(* Let $Q(z)=\sum_{i=0}^N a_iz^{N-i}$ ($a_0=1$) be a monic complex polynomial of degree $N\ge2$ with multiset of roots $S=\{\alpha_1,\dots,\alpha_N\}$. Then, with all equivalences $\sim$ holding up to positive constants depending only on $N$: (i) there is a root $\alpha\in S$ with $L_i(\alpha)\sim L_i$ for all integers $0\le i\le N/2$; (ii) for all integers $1\le r\le N/2$, $\Delta_r(\alpha_1,\dots,\alpha_N)\sim L_0L_1\cdots L_{r-1}$; (iii) for each such $r$ there exist a positive integer $h$ and polynomials $D_{r,1},\dots,D_{r,h}\in\mathbb{Z}[A_1,\dots,A_N]$ (depending only on $N,r$) such that $\Delta_r(\alpha_1,\dots,\alpha_N)\sim\sum_{q=1}^h|D_{r,q}(a_1,\dots,a_N)|^{1/q}$ for all such $Q$; (iv) for each $0\le k\le N-2$ there exist a positive integer $m_k$ and polynomials $\sigma_{k,i}\in\mathbb{Z}[A_1,\dots,A_N,Z]$, $1\le i\le m_k$ (depending only on $N,k$), such that for every root $\alpha$ of $Q$, $$\prod_{0\le i\le k}L_i(\alpha)\sim\sum_{i=1}^{m_k}|\sigma_{k,i}(a_1,\dots,a_N;\alpha)|^{1/i}.$$
   Context: For a set $A\subseteq\mathbb{C}$, $d(A)=\sup_{\alpha,\beta\in A}|\alpha-\beta|$. Local cluster scales: for $\alpha\in S$ and $0\le k\le N-1$, $L_k(\alpha)=\inf d(S_{N-k}(\alpha))$ over sub-multisets $S_{N-k}(\alpha)\subseteq S$ with $N-k$ elements containing $\alpha$. Absolute cluster scales: $L_k=\inf_{\alpha\in S}L_k(\alpha)$, equivalently the minimum of $d(S_{N-k})$ over sub-multisets of $S$ with $N-k$ elements. The $r$-discriminant: $\Delta_r(\alpha_1,\dots,\alpha_N)=\sup\prod_{\nu=1}^r|\alpha_{i_\nu}-\alpha_{j_\nu}|$, the supremum over all $2r$-tuples $(i_1,\dots,i_r,j_1,\dots,j_r)$ of pairwise distinct integers in $\{1,\dots,N\}$. *)

theory Defs
  imports "HOL-Analysis.Analysis" "HOL-Computational_Algebra.Polynomial" "HOL-Library.Multiset"
begin

definition diam :: "complex multiset \<Rightarrow> real" where
  "diam M = Sup {cmod (a - b) | a b. a \<in># M \<and> b \<in># M}"

definition Lloc :: "complex list \<Rightarrow> nat \<Rightarrow> complex \<Rightarrow> real" where
  "Lloc xs k \<alpha> = Inf {diam T | T. T \<subseteq># mset xs \<and> size T = length xs - k \<and> \<alpha> \<in># T}"

definition Labs :: "complex list \<Rightarrow> nat \<Rightarrow> real" where
  "Labs xs k = Inf {diam T | T. T \<subseteq># mset xs \<and> size T = length xs - k}"

text \<open>r-discriminant: sup over 2r pairwise distinct indices f 0..f(2r-1)
  (i_nu = f nu, j_nu = f (r+nu)), indices 0-based.\<close>
definition Delta :: "complex list \<Rightarrow> nat \<Rightarrow> real" where
  "Delta xs r = Sup {(\<Prod>\<nu><r. cmod (xs ! (f \<nu>) - xs ! (f (r + \<nu>)))) | f.
      inj_on f {..<2*r} \<and> f ` {..<2*r} \<subseteq> {..<length xs}}"

text \<open>The monic polynomial with root list xs, and its coefficient a_i
  (Q(z) = sum_i a_i z^(N-i)).\<close>
definition monic_of :: "complex list \<Rightarrow> complex poly" where
  "monic_of xs = (\<Prod>x\<leftarrow>xs. [:-x, 1:])"

definition acoeff :: "complex list \<Rightarrow> nat \<Rightarrow> complex" where
  "acoeff xs i = coeff (monic_of xs) (length xs - i)"

text \<open>Multivariate integer polynomials, represented explicitly as lists of
  (coefficient, exponent list) monomials; variable j is v j.\<close>
type_synonym int_mpoly = "(int \<times> nat list) list"

definition mpoly_vars :: "nat \<Rightarrow> int_mpoly \<Rightarrow> bool" where
  "mpoly_vars n p \<longleftrightarrow> (\<forall>(c, e) \<in> set p. length e \<le> n)"

definition mpoly_eval :: "int_mpoly \<Rightarrow> (nat \<Rightarrow> complex) \<Rightarrow> complex" where
  "mpoly_eval p v = (\<Sum>(c, e)\<leftarrow>p. of_int c * (\<Prod>j<length e. v j ^ (e ! j)))"

definition sim_by :: "real \<Rightarrow> real \<Rightarrow> real \<Rightarrow> real \<Rightarrow> bool" where
  "sim_by c C A B \<longleftrightarrow> c * B \<le> A \<and> A \<le> C * B"

end

theory Submission
  imports Defs
begin

(* Index the roots, so that cluster scales become diameters of subfamilies.
   (i) A root in an optimal cluster of size n - n div 2 can be exchanged into every optimal cluster
   of size at least n/2, which it must meet.
   (ii) r disjoint pairs of roots cannot all avoid an optimal cluster of each size n - s + 1, s <= r
   (pigeonhole), which bounds the r-discriminant from above; pairing a central root with the root
   farthest from it and recursing on the remaining roots bounds it from below.
   (iii), (iv) Up to constants, the quantity is the largest modulus among the values of a fixed
   integer polynomial on tuples of distinct roots (products over pairs, resp. products of distances
   to alpha, the latter attained by a farthest-first enumeration). These values are the roots of a
   polynomial whose coefficients, multiplied by q!, are integer polynomials in the a_i (and alpha)
   by Newton's identities, and the largest root of a polynomial is comparable to
   sum_q |c_q|^(1/q) (Fujiwara's bound). *)

section \<open>Diameters and cluster scales of indexed families\<close>

lemma diameter_leI:
  fixes S :: "'a::metric_space set"
  assumes "S \<noteq> {}" "\<And>x y. x \<in> S \<Longrightarrow> y \<in> S \<Longrightarrow> dist x y \<le> d"
  shows "diameter S \<le> d"
  using assms by (auto simp: diameter_def intro!: cSUP_least)
(* Let $\Gamma$ be a triangulation of a connected closed surface $M$ and let $\tau$ be a $z$-orientation of $\Gamma$. Then every face of $\Gamma$ satisfies exactly one of the following: (I) the face contains two edges of type I and its third edge is of type II; (II) all three edges of the face are of type II and, with their directions, they form a directed cycle.
   Context: Let $M$ be a connected closed $2$-dimensional surface (not necessarily orientable). A triangulation of $M$ is a $2$-cell embedding of a connected simple finite graph in $M$ such that every face is a triangle; then every edge lies in exactly two distinct faces, and two distinct faces meet in an edge, in a vertex, or not at all. A zigzag in a triangulation $\Gamma$ is a sequence of edges $(e_i)_{i\in\mathbb N}$ such that for every $i$: $e_i$ and $e_{i+1}$ are distinct edges of a common face; the face containing $e_i,e_{i+1}$ is different from the face containing $e_{i+1},e_{i+2}$; and $e_i$, $e_{i+2}$ have no common vertex. Such a sequence is periodic and is regarded as a cyclic sequence $e_1,\dots,e_n$ ($n$ the minimal period); a zigzag passes through each of its edges in a definite direction (from the vertex shared with the previous edge to the vertex shared with the next). The reversed sequence $Z^{-1}$ is again a zigzag and $Z\neq Z^{-1}$. If $\Gamma$ has exactly $k$ zigzags up to reversal, a $z$-orientation of $\Gamma$ is a set $\tau$ of $k$ zigzags containing exactly one of $Z,Z^{-1}$ for every zigzag $Z$. For a $z$-orientation $\tau$, each edge $e$ either occurs twice in one zigzag of $\tau$ and in no other, or occurs once in each of exactly two distinct zigzags of $\tau$ and in no other. The edge $e$ is of type I if these two passages through $e$ are in opposite directions, and of type II if they are in the same direction; edges of type II are regarded as directed edges with this common direction. *)

theory Defs
  imports Main
begin

definition tri_edges :: "'v set set \<Rightarrow> 'v set set" where
  "tri_edges Fs = {e. card e = 2 \<and> (\<exists>F\<in>Fs. e \<subseteq> F)}"

definition triangulation :: "'v set \<Rightarrow> 'v set set \<Rightarrow> bool" where
  "triangulation V Fs \<longleftrightarrow>
     finite V \<and> Fs \<noteq> {} \<and>
     (\<forall>F\<in>Fs. F \<subseteq> V \<and> card F = 3) \<and>
     (\<forall>v\<in>V. \<exists>F\<in>Fs. v \<in> F) \<and>
     (\<forall>e\<in>tri_edges Fs. card {F\<in>Fs. e \<subseteq> F} = 2) \<and>
     \<comment> \<open>the link of every vertex is connected (hence a single cycle): closed surface\<close>
     (\<forall>v\<in>V. \<forall>x y. {v,x} \<in> tri_edges Fs \<and> {v,y} \<in> tri_edges Fs \<longrightarrow>
          (\<lambda>p q. {v,p,q} \<in> Fs)\<^sup>*\<^sup>* x y) \<and>
     \<comment> \<open>connectedness\<close>
     (\<forall>u\<in>V. \<forall>w\<in>V. (\<lambda>x y. {x,y} \<in> tri_edges Fs)\<^sup>*\<^sup>* u w)"

text \<open>Zigzags, represented as bi-infinite (periodic) sequences of edges indexed by int;
  a zigzag as a cyclic sequence corresponds to the set of all its shifts.\<close>

definition is_zigzag :: "'v set set \<Rightarrow> (int \<Rightarrow> 'v set) \<Rightarrow> bool" where
  "is_zigzag Fs z \<longleftrightarrow>
     (\<forall>i. z i \<in> tri_edges Fs \<and> z i \<noteq> z (i+1) \<and>
          (\<exists>F\<in>Fs. z i \<subseteq> F \<and> z (i+1) \<subseteq> F) \<and>
          z i \<union> z (i+1) \<noteq> z (i+1) \<union> z (i+2) \<and>
          z i \<inter> z (i+2) = {})"

definition zshift :: "int \<Rightarrow> (int \<Rightarrow> 'v set) \<Rightarrow> int \<Rightarrow> 'v set" where
  "zshift k z = (\<lambda>i. z (i + k))"

definition zrev :: "(int \<Rightarrow> 'v set) \<Rightarrow> int \<Rightarrow> 'v set" where
  "zrev z = (\<lambda>i. z (- i))"

definition z_orientation :: "'v set set \<Rightarrow> (int \<Rightarrow> 'v set) set \<Rightarrow> bool" where
  "z_orientation Fs T \<longleftrightarrow>
     (\<forall>z\<in>T. is_zigzag Fs z) \<and>
     (\<forall>z\<in>T. \<forall>k. zshift k z \<in> T) \<and>
     (\<forall>z. is_zigzag Fs z \<longrightarrow> (z \<in> T \<longleftrightarrow> zrev z \<notin> T))"

text \<open>Passages of T through edge e: the occurrences of e in zigzags of T, normalised to position 0.\<close>

definition passages :: "(int \<Rightarrow> 'v set) set \<Rightarrow> 'v set \<Rightarrow> (int \<Rightarrow> 'v set) set" where
  "passages T e = {z\<in>T. z 0 = e}"

definition pdir :: "(int \<Rightarrow> 'v set) \<Rightarrow> 'v \<times> 'v" where
  "pdir z = (THE u. u \<in> z 0 \<inter> z (-1), THE v. v \<in> z 0 \<inter> z 1)"

definition edge_type_I :: "(int \<Rightarrow> 'v set) set \<Rightarrow> 'v set \<Rightarrow> bool" where
  "edge_type_I T e \<longleftrightarrow>
     (\<exists>z1 z2. z1 \<noteq> z2 \<and> passages T e = {z1, z2} \<and> pdir z1 \<noteq> pdir z2)"

definition edge_type_II :: "(int \<Rightarrow> 'v set) set \<Rightarrow> 'v set \<Rightarrow> bool" where
  "edge_type_II T e \<longleftrightarrow>
     (\<exists>z1 z2. z1 \<noteq> z2 \<and> passages T e = {z1, z2} \<and> pdir z1 = pdir z2)"

definition type_II_directed :: "(int \<Rightarrow> 'v set) set \<Rightarrow> 'v set \<Rightarrow> 'v \<Rightarrow> 'v \<Rightarrow> bool" where
  "type_II_directed T e u v \<longleftrightarrow>
     (\<exists>z1 z2. z1 \<noteq> z2 \<and> passages T e = {z1, z2} \<and> pdir z1 = (u, v) \<and> pdir z2 = (u, v))"

end

theory Submission
  imports Defs
begin

text \<open>Call a flag (x, y, w) of a face (an ordering of its vertices) oriented if the unique zigzag
  passing the edges {x, y}, {y, w} in this order belongs to T; otherwise T contains its reverse.
  The two passages of T through an edge {x, y} of the face {x, y, w} are the ones crossing the
  face at y and at x, and they run from x to y iff the flag (x, y, w), respectively (w, x, y), is
  oriented. So if P, Q, R are the orientations of (a, b, c), (b, c, a), (c, a, b), the edge {a, b}
  is of type II iff P = R, and cyclically; reversing (a, b, c) negates P, Q, R. Either P, Q, R are
  not all equal, and exactly one edge is of type II, or they are all equal, and the three edges
  are of type II and directed around the face.\<close>

lemma card_2_obtain_other:
  assumes "card A = 2" "y \<in> A"
  obtains x where "A = {x, y}" "x \<noteq> y"
  using assms by (auto simp: card_2_iff doubleton_eq_iff)

lemma card_2_eq_doubleton:
  assumes "card S = 2" "a \<in> S" "b \<in> S" "a \<noteq> b"
  shows "S = {a, b}"
  using assms by (auto simp: card_2_iff)

lemma two_subsets_of_triangle:
  assumes A: "card A = 2" and B: "card B = 2" and G: "card G = 3"
    and "A \<subseteq> G" "B \<subseteq> G" "A \<noteq> B"
  obtains x y w where "x \<noteq> y" "y \<noteq> w" "x \<noteq> w" "A = {x, y}" "B = {y, w}" "G = {x, y, w}"
proof -
  have "A \<inter> B \<noteq> {}"
  proof
    assume "A \<inter> B = {}"
    then have "card (A \<union> B) = 4"
      using A B card_Un_disjoint[of A B] by (simp add: card_ge_0_finite)
    moreover have "card (A \<union> B) \<le> 3"
      using card_mono[of G "A \<union> B"] G \<open>A \<subseteq> G\<close> \<open>B \<subseteq> G\<close> by (simp add: card_ge_0_finite)
    ultimately show False by simp
  qed
  then obtain y where "y \<in> A" "y \<in> B" by blast
  obtain x where x: "A = {x, y}" "x \<noteq> y" using card_2_obtain_other[OF A \<open>y \<in> A\<close>] .
  obtain w where w: "B = {w, y}" "w \<noteq> y" using card_2_obtain_other[OF B \<open>y \<in> B\<close>] .
  have "x \<noteq> w" using x w \<open>A \<noteq> B\<close> by blast
  have "{x, y, w} = G"
    using x w \<open>x \<noteq> w\<close> G \<open>A \<subseteq> G\<close> \<open>B \<subseteq> G\<close>
    by (intro card_subset_eq) (auto simp: card_ge_0_finite)
  then show ?thesis using that[of x y w] x w \<open>x \<noteq> w\<close> by (auto simp: insert_commute)
qed

lemma triple_orderings:
  assumes "{a', b', c'} = {a, b, c}" "a' \<noteq> b'" "b' \<noteq> c'" "a' \<noteq> c'"
  shows "(a', b', c') \<in> {(a, b, c), (b, c, a), (c, a, b), (c, b, a), (b, a, c), (a, c, b)}"
proof -
  have "a' \<in> {a, b, c}" "b' \<in> {a, b, c}" "c' \<in> {a, b, c}"
    "a \<in> {a', b', c'}" "b \<in> {a', b', c'}" "c \<in> {a', b', c'}"
    using assms(1) by blast+
  then show ?thesis using assms(2-4) by auto
qed

definition triple_chain :: "('a \<Rightarrow> 'a \<Rightarrow> 'a \<Rightarrow> bool) \<Rightarrow> (int \<Rightarrow> 'a) \<Rightarrow> bool" where
  "triple_chain R z \<longleftrightarrow> (\<forall>i. R (z i) (z (i + 1)) (z (i + 2)))"

lemma triple_chain_shift: "triple_chain R z \<Longrightarrow> triple_chain R (\<lambda>i. z (i + k))"
  unfolding triple_chain_def by (metis add.commute add.left_commute)

lemma triple_chain_reverse:
  assumes sym: "\<And>A B C. R A B C \<Longrightarrow> R C B A" and "triple_chain R z"
  shows "triple_chain R (\<lambda>i. z (- i))"
  unfolding triple_chain_def
proof
  fix i
  have "R (z (- i - 2)) (z (- i - 2 + 1)) (z (- i - 2 + 2))"
    using assms(2) unfolding triple_chain_def by blast
  then show "R (z (- i)) (z (- (i + 1))) (z (- (i + 2)))"
    using sym by (simp add: algebra_simps)
qed

lemma triple_chain_eqI:
  assumes unique: "\<And>A B C C'. R A B C \<Longrightarrow> R A B C' \<Longrightarrow> C = C'"
    and sym: "\<And>A B C. R A B C \<Longrightarrow> R C B A"
    and z: "triple_chain R z" and z': "triple_chain R z'"
    and "z 0 = z' 0" "z 1 = z' 1"
  shows "z = z'"
proof
  fix i :: int
  have "z i = z' i \<and> z (i + 1) = z' (i + 1)"
  proof (induction i rule: int_induct[where k = 0])
    case (step1 i)
    have "R (z i) (z (i + 1)) (z (i + 1 + 1))" "R (z' i) (z' (i + 1)) (z' (i + 1 + 1))"
      using z z' unfolding triple_chain_def by (simp_all add: add.assoc)
    then show ?case using step1 unique by auto
  next
    case (step2 i)
    have "R (z (i - 1)) (z (i - 1 + 1)) (z (i - 1 + 2))" "R (z' (i - 1)) (z' (i - 1 + 1)) (z' (i - 1 + 2))"
      using z z' unfolding triple_chain_def by blast+
    then have "R (z (i + 1)) (z i) (z (i - 1))" "R (z' (i + 1)) (z' i) (z' (i - 1))"
      by (auto dest: sym simp: add.commute)
    then show ?case using step2 unique by auto
  qed (use assms in simp)
  then show "z i = z' i" ..
qed

lemma triple_ray_exists:
  assumes step: "\<And>A B. P A B \<Longrightarrow> \<exists>C. R A B C \<and> P B C" and "P A B"
  obtains f :: "nat \<Rightarrow> 'a" where "f 0 = A" "f 1 = B" "\<And>n. R (f n) (f (Suc n)) (f (Suc (Suc n)))"
proof -
  define next_pair where "next_pair p = (snd p, SOME C. R (fst p) (snd p) C \<and> P (snd p) C)" for p
  define g where "g n = (next_pair ^^ n) (A, B)" for n
  have g_Suc: "g (Suc n) = next_pair (g n)" for n
    unfolding g_def by simp
  have next_pair: "R (fst p) (snd p) (snd (next_pair p)) \<and> P (fst (next_pair p)) (snd (next_pair p))"
    if "P (fst p) (snd p)" for p
    using someI_ex[OF step[OF that]] unfolding next_pair_def by simp
  have P_g: "P (fst (g n)) (snd (g n))" for n
    by (induction n) (simp_all add: g_def \<open>P A B\<close> next_pair)
  show ?thesis
  proof (rule that[of "\<lambda>n. fst (g n)"])
    show "fst (g 0) = A" "fst (g 1) = B"
      by (simp_all add: g_def next_pair_def)
    show "R (fst (g n)) (fst (g (Suc n))) (fst (g (Suc (Suc n))))" for n
      using next_pair[OF P_g[of n]] by (simp add: g_Suc next_pair_def)
  qed
qed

(ACTIVITY) Where the listing above reaches the line that contains "then obtain y", start retyping, and finish with the line that contains "obtain x where"; reproduce those lines exactly and no others.

(REPLY)
  then obtain y where "y \<in> A" "y \<in> B" by blast
  obtain x where x: "A = {x, y}" "x \<noteq> y" using card_2_obtain_other[OF A \<open>y \<in> A\<close>] .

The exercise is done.